> Exercise: What lines of the data below include the word "intro"? Report them by copying each.

> Recorded information:
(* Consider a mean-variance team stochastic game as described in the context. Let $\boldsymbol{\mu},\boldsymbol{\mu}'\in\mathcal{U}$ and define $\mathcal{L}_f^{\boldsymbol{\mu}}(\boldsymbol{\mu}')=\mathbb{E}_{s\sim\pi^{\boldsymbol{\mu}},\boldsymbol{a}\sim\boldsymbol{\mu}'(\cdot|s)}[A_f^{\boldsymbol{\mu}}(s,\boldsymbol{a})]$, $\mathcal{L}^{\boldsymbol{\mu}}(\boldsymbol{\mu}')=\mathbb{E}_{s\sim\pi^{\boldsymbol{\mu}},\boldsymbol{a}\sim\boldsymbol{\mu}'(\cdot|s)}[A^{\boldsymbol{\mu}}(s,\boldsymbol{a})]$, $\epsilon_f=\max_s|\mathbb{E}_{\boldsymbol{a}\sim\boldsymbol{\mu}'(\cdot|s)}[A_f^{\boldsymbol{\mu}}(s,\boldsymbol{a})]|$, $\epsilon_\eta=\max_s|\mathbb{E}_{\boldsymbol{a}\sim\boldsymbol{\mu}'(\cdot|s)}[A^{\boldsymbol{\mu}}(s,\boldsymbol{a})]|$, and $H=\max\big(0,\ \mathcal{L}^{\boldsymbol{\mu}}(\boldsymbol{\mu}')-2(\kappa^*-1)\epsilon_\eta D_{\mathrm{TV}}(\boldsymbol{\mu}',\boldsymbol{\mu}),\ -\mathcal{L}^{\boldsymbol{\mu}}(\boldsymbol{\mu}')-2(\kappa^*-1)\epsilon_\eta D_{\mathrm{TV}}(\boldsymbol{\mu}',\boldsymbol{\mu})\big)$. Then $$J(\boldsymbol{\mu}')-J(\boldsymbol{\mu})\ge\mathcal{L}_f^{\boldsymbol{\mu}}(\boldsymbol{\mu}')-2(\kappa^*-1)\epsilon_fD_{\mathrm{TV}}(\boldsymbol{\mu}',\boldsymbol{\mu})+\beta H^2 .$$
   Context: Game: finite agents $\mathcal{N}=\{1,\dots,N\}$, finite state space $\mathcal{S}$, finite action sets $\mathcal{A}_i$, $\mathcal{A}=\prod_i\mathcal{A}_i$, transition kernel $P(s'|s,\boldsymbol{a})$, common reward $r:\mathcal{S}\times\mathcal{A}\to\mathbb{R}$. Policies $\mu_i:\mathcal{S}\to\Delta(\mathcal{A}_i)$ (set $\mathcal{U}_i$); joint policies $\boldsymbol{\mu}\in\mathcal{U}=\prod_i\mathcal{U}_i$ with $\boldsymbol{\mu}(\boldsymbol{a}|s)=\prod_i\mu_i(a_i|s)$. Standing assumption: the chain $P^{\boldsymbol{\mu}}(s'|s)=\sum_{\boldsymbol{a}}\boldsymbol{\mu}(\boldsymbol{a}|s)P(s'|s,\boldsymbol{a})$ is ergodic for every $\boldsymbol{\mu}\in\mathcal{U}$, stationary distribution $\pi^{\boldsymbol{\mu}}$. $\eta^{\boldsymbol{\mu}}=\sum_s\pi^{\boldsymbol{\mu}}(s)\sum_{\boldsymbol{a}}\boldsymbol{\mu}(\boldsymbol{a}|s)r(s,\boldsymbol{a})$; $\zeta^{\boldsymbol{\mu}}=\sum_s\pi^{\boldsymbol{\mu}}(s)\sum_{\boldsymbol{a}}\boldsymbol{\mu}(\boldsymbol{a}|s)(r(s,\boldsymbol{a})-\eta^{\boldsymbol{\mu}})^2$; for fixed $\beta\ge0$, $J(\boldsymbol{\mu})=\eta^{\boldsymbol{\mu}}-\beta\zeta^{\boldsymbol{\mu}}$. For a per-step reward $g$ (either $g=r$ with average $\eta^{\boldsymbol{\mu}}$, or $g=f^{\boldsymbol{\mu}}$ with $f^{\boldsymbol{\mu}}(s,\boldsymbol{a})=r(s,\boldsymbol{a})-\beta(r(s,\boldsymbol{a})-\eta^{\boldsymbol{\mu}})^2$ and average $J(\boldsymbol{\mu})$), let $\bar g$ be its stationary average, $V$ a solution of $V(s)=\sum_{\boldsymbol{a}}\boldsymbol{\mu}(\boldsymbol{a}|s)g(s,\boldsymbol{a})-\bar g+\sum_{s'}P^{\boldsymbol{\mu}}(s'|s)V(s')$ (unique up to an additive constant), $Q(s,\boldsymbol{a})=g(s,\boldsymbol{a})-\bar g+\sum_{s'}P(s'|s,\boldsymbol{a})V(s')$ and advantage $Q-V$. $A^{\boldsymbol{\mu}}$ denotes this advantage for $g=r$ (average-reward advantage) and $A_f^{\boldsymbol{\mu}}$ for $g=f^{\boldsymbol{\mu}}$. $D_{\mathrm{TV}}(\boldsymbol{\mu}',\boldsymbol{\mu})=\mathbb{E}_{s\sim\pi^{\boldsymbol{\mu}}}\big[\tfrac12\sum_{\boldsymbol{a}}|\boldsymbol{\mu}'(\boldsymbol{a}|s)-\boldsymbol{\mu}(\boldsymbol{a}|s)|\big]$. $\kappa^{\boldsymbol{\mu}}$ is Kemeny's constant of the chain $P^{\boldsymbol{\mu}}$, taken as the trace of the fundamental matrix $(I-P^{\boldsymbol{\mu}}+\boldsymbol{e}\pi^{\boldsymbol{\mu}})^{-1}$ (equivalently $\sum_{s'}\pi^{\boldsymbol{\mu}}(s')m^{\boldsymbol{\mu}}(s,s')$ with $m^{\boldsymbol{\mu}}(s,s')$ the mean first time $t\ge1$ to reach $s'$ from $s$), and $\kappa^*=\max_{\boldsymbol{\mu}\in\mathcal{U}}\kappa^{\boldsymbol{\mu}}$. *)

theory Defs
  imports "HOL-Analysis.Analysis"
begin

* * *

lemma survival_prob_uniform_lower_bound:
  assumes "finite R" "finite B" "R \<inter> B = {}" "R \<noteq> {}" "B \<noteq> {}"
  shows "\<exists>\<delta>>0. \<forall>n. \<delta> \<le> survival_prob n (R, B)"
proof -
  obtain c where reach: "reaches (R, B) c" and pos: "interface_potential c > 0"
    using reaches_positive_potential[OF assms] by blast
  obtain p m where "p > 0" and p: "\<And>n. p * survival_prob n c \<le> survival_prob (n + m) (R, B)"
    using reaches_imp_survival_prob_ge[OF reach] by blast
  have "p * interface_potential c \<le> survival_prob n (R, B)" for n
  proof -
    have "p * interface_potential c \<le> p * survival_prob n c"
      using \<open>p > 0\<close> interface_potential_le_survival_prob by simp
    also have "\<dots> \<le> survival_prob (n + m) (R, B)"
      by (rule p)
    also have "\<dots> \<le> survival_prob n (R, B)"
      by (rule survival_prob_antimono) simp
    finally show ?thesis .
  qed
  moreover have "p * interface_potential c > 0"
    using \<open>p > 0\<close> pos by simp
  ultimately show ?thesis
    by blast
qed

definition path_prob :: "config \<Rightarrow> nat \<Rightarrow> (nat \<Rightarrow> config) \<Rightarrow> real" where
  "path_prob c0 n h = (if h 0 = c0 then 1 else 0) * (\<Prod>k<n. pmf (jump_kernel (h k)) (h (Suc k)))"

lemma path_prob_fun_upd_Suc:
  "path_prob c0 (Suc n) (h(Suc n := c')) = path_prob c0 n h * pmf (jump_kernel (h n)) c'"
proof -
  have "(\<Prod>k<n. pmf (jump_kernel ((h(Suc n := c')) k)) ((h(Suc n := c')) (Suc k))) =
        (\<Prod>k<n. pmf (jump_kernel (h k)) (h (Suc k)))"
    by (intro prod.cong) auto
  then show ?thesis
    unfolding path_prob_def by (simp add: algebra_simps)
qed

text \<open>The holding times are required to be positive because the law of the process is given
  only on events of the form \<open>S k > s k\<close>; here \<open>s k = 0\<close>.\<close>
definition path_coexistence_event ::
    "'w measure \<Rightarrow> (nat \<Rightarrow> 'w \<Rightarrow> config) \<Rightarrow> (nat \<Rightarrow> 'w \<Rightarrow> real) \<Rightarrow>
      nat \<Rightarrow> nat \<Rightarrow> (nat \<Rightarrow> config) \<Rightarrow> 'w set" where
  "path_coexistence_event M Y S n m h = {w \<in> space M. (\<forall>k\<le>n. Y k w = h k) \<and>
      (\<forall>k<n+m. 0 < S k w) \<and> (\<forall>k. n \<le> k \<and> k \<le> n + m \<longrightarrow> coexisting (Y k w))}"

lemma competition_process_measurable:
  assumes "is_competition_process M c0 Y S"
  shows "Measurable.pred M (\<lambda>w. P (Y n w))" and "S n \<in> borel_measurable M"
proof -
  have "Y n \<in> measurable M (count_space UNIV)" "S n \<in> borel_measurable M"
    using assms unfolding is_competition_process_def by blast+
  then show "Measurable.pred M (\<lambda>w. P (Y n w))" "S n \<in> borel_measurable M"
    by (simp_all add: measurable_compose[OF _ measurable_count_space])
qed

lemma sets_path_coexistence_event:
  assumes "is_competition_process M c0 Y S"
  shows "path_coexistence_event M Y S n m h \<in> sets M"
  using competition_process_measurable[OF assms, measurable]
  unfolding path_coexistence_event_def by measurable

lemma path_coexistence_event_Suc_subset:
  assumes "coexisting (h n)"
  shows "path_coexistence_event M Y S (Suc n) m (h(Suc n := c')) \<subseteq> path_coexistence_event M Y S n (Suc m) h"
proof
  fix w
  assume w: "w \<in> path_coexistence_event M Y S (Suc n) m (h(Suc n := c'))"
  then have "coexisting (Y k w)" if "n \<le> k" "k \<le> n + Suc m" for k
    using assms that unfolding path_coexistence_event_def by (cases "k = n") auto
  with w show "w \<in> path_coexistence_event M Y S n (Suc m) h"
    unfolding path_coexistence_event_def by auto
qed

==

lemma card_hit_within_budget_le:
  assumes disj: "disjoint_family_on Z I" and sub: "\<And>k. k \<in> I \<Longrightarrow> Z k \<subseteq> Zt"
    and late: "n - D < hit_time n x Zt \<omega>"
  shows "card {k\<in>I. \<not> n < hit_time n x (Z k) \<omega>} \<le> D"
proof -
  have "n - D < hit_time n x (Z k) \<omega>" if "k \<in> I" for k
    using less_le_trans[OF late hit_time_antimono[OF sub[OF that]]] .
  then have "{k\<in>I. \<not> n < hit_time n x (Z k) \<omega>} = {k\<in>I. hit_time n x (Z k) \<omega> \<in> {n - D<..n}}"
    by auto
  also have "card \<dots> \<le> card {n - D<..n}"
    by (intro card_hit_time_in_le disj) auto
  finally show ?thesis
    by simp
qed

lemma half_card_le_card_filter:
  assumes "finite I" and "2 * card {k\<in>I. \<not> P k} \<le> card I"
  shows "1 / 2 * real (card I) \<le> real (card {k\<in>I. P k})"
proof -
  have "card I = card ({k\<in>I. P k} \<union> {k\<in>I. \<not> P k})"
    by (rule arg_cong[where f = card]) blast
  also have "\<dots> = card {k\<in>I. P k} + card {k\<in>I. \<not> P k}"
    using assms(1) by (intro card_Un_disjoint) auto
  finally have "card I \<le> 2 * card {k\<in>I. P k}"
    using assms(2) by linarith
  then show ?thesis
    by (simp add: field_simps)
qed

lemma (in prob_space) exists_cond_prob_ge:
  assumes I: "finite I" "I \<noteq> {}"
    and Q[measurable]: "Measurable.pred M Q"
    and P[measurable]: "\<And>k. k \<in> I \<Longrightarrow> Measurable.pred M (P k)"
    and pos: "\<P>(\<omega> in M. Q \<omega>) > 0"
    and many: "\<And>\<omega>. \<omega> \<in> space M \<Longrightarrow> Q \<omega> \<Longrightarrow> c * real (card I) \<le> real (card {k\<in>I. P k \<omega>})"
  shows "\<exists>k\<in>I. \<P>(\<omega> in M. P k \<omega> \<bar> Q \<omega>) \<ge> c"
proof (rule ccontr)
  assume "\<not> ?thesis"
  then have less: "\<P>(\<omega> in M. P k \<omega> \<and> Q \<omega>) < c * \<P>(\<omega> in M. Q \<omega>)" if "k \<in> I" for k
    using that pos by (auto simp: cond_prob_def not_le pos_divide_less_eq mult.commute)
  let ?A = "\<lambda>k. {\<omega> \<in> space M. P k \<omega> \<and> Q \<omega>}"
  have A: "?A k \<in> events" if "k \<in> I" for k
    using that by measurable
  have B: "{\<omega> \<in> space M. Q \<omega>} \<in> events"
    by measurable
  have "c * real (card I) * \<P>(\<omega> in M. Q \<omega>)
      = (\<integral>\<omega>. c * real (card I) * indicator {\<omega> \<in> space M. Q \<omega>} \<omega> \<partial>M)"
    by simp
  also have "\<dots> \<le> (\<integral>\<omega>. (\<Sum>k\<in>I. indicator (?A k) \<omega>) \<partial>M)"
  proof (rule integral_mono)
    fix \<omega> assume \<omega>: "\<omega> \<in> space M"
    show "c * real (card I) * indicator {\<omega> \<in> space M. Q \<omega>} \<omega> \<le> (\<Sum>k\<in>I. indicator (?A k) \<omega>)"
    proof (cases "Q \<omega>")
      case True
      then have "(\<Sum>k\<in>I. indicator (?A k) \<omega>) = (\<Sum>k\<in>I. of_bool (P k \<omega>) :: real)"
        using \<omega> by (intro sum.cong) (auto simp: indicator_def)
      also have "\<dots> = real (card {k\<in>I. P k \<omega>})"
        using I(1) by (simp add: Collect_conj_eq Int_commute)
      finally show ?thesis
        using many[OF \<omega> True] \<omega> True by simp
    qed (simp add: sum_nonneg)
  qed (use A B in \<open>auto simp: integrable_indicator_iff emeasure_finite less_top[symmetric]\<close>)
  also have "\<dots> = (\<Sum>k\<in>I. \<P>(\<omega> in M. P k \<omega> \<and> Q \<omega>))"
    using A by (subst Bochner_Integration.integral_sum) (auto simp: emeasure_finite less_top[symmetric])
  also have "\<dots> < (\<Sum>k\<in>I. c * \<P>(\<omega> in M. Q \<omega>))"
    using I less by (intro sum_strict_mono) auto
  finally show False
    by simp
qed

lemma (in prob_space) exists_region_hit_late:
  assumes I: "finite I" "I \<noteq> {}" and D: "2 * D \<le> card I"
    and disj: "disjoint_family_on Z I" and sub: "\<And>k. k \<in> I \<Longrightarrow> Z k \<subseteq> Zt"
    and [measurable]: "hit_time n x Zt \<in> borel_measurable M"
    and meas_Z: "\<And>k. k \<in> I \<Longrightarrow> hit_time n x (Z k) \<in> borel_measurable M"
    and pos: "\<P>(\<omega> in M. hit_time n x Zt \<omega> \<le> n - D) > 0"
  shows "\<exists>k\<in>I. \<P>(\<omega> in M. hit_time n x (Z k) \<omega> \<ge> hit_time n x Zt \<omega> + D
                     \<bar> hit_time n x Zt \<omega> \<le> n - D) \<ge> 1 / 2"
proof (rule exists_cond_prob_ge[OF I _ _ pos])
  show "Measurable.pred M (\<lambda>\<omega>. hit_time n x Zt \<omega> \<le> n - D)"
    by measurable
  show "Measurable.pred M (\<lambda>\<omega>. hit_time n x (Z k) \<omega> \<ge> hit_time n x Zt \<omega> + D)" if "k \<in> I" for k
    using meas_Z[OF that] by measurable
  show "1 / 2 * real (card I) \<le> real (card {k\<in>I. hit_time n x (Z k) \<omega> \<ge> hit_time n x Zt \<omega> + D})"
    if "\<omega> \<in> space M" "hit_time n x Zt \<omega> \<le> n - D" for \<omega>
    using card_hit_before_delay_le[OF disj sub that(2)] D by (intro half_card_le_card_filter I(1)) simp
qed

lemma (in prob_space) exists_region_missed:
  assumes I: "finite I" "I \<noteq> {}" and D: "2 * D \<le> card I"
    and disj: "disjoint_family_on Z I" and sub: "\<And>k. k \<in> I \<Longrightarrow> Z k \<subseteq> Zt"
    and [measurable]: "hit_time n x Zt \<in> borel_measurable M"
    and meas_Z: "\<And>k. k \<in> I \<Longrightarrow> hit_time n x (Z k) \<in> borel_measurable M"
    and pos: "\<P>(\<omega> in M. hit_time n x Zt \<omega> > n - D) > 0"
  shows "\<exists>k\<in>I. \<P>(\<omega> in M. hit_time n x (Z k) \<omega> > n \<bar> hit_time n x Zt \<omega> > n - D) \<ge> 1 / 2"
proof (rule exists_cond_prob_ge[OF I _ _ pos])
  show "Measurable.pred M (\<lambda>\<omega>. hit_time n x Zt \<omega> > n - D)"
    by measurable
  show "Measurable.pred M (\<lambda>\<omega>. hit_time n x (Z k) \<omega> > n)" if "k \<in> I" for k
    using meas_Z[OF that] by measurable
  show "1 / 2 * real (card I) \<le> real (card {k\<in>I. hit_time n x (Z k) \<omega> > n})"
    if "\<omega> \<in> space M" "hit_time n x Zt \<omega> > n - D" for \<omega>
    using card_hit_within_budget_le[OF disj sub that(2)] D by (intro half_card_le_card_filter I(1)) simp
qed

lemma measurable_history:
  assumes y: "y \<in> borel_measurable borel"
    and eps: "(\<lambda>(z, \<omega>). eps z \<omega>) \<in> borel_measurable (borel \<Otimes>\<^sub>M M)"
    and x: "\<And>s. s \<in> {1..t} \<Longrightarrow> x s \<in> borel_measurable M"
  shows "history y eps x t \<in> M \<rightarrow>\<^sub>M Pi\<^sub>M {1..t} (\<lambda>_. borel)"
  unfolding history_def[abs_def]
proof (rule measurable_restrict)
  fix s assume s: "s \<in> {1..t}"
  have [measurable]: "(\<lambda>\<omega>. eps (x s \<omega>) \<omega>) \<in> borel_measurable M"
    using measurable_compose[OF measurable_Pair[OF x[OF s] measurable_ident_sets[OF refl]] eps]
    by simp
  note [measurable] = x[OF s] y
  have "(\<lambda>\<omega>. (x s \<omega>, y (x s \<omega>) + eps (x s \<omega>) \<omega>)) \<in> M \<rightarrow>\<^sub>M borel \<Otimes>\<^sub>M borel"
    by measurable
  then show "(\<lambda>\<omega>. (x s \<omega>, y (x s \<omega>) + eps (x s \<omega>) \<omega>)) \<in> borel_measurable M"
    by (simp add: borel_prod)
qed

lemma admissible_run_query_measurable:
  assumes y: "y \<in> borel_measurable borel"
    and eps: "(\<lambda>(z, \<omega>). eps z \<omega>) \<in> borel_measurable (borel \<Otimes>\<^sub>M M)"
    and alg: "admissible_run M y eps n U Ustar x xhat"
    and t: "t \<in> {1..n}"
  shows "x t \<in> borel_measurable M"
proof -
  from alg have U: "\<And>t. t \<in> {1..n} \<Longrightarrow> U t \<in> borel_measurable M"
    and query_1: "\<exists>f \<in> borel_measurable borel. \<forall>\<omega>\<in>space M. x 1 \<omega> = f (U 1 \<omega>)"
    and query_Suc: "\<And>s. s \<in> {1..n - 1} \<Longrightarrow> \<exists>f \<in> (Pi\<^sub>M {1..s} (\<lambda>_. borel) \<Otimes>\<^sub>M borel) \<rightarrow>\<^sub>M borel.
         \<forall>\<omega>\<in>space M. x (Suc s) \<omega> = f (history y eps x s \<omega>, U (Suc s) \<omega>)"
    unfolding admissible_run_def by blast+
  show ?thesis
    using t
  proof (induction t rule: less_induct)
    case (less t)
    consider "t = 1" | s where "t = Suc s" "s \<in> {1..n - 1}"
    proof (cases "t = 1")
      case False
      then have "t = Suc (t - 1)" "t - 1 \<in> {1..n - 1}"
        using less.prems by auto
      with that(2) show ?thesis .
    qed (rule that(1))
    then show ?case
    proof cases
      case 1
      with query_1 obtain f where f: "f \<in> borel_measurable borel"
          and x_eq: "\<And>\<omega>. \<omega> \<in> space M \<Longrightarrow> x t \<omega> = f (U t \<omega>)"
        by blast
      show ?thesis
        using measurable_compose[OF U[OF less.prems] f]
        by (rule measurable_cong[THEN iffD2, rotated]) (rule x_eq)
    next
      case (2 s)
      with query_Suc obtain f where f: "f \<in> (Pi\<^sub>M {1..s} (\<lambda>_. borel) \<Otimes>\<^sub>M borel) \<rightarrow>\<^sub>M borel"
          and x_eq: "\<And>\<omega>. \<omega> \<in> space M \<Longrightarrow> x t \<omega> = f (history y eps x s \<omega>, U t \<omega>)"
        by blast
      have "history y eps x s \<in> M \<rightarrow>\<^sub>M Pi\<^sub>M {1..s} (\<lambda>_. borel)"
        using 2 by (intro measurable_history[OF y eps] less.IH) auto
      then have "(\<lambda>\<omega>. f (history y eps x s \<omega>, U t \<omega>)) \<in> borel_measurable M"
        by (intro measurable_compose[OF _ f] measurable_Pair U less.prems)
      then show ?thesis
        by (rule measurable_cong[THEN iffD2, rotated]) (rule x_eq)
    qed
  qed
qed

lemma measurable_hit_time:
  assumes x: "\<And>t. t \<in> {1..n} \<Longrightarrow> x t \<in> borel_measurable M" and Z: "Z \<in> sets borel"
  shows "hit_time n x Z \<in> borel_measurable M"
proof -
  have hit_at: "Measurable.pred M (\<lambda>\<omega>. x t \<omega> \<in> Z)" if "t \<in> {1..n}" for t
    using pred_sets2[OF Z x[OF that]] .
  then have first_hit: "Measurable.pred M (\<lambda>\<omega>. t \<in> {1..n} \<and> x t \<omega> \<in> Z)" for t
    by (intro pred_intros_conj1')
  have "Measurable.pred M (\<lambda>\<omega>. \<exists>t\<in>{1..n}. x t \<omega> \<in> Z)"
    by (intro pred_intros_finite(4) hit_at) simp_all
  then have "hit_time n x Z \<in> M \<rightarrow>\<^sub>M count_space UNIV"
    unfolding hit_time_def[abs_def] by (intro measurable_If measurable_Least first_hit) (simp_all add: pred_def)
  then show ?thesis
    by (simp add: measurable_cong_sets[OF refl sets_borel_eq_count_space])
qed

> Reply to the task:
    by (intro prod.cong) auto
    by (intro card_hit_time_in_le disj) auto
    using assms(1) by (intro card_Un_disjoint) auto
        using \<omega> by (intro sum.cong) (auto simp: indicator_def)
    using I less by (intro sum_strict_mono) auto
    using card_hit_before_delay_le[OF disj sub that(2)] D by (intro half_card_le_card_filter I(1)) simp
    using card_hit_within_budget_le[OF disj sub that(2)] D by (intro half_card_le_card_filter I(1)) simp
        using 2 by (intro measurable_history[OF y eps] less.IH) auto
        by (intro measurable_compose[OF _ f] measurable_Pair U less.prems)
    by (intro pred_intros_conj1')
    by (intro pred_intros_finite(4) hit_at) simp_all
    unfolding hit_time_def[abs_def] by (intro measurable_If measurable_Least first_hit) (simp_all add: pred_def)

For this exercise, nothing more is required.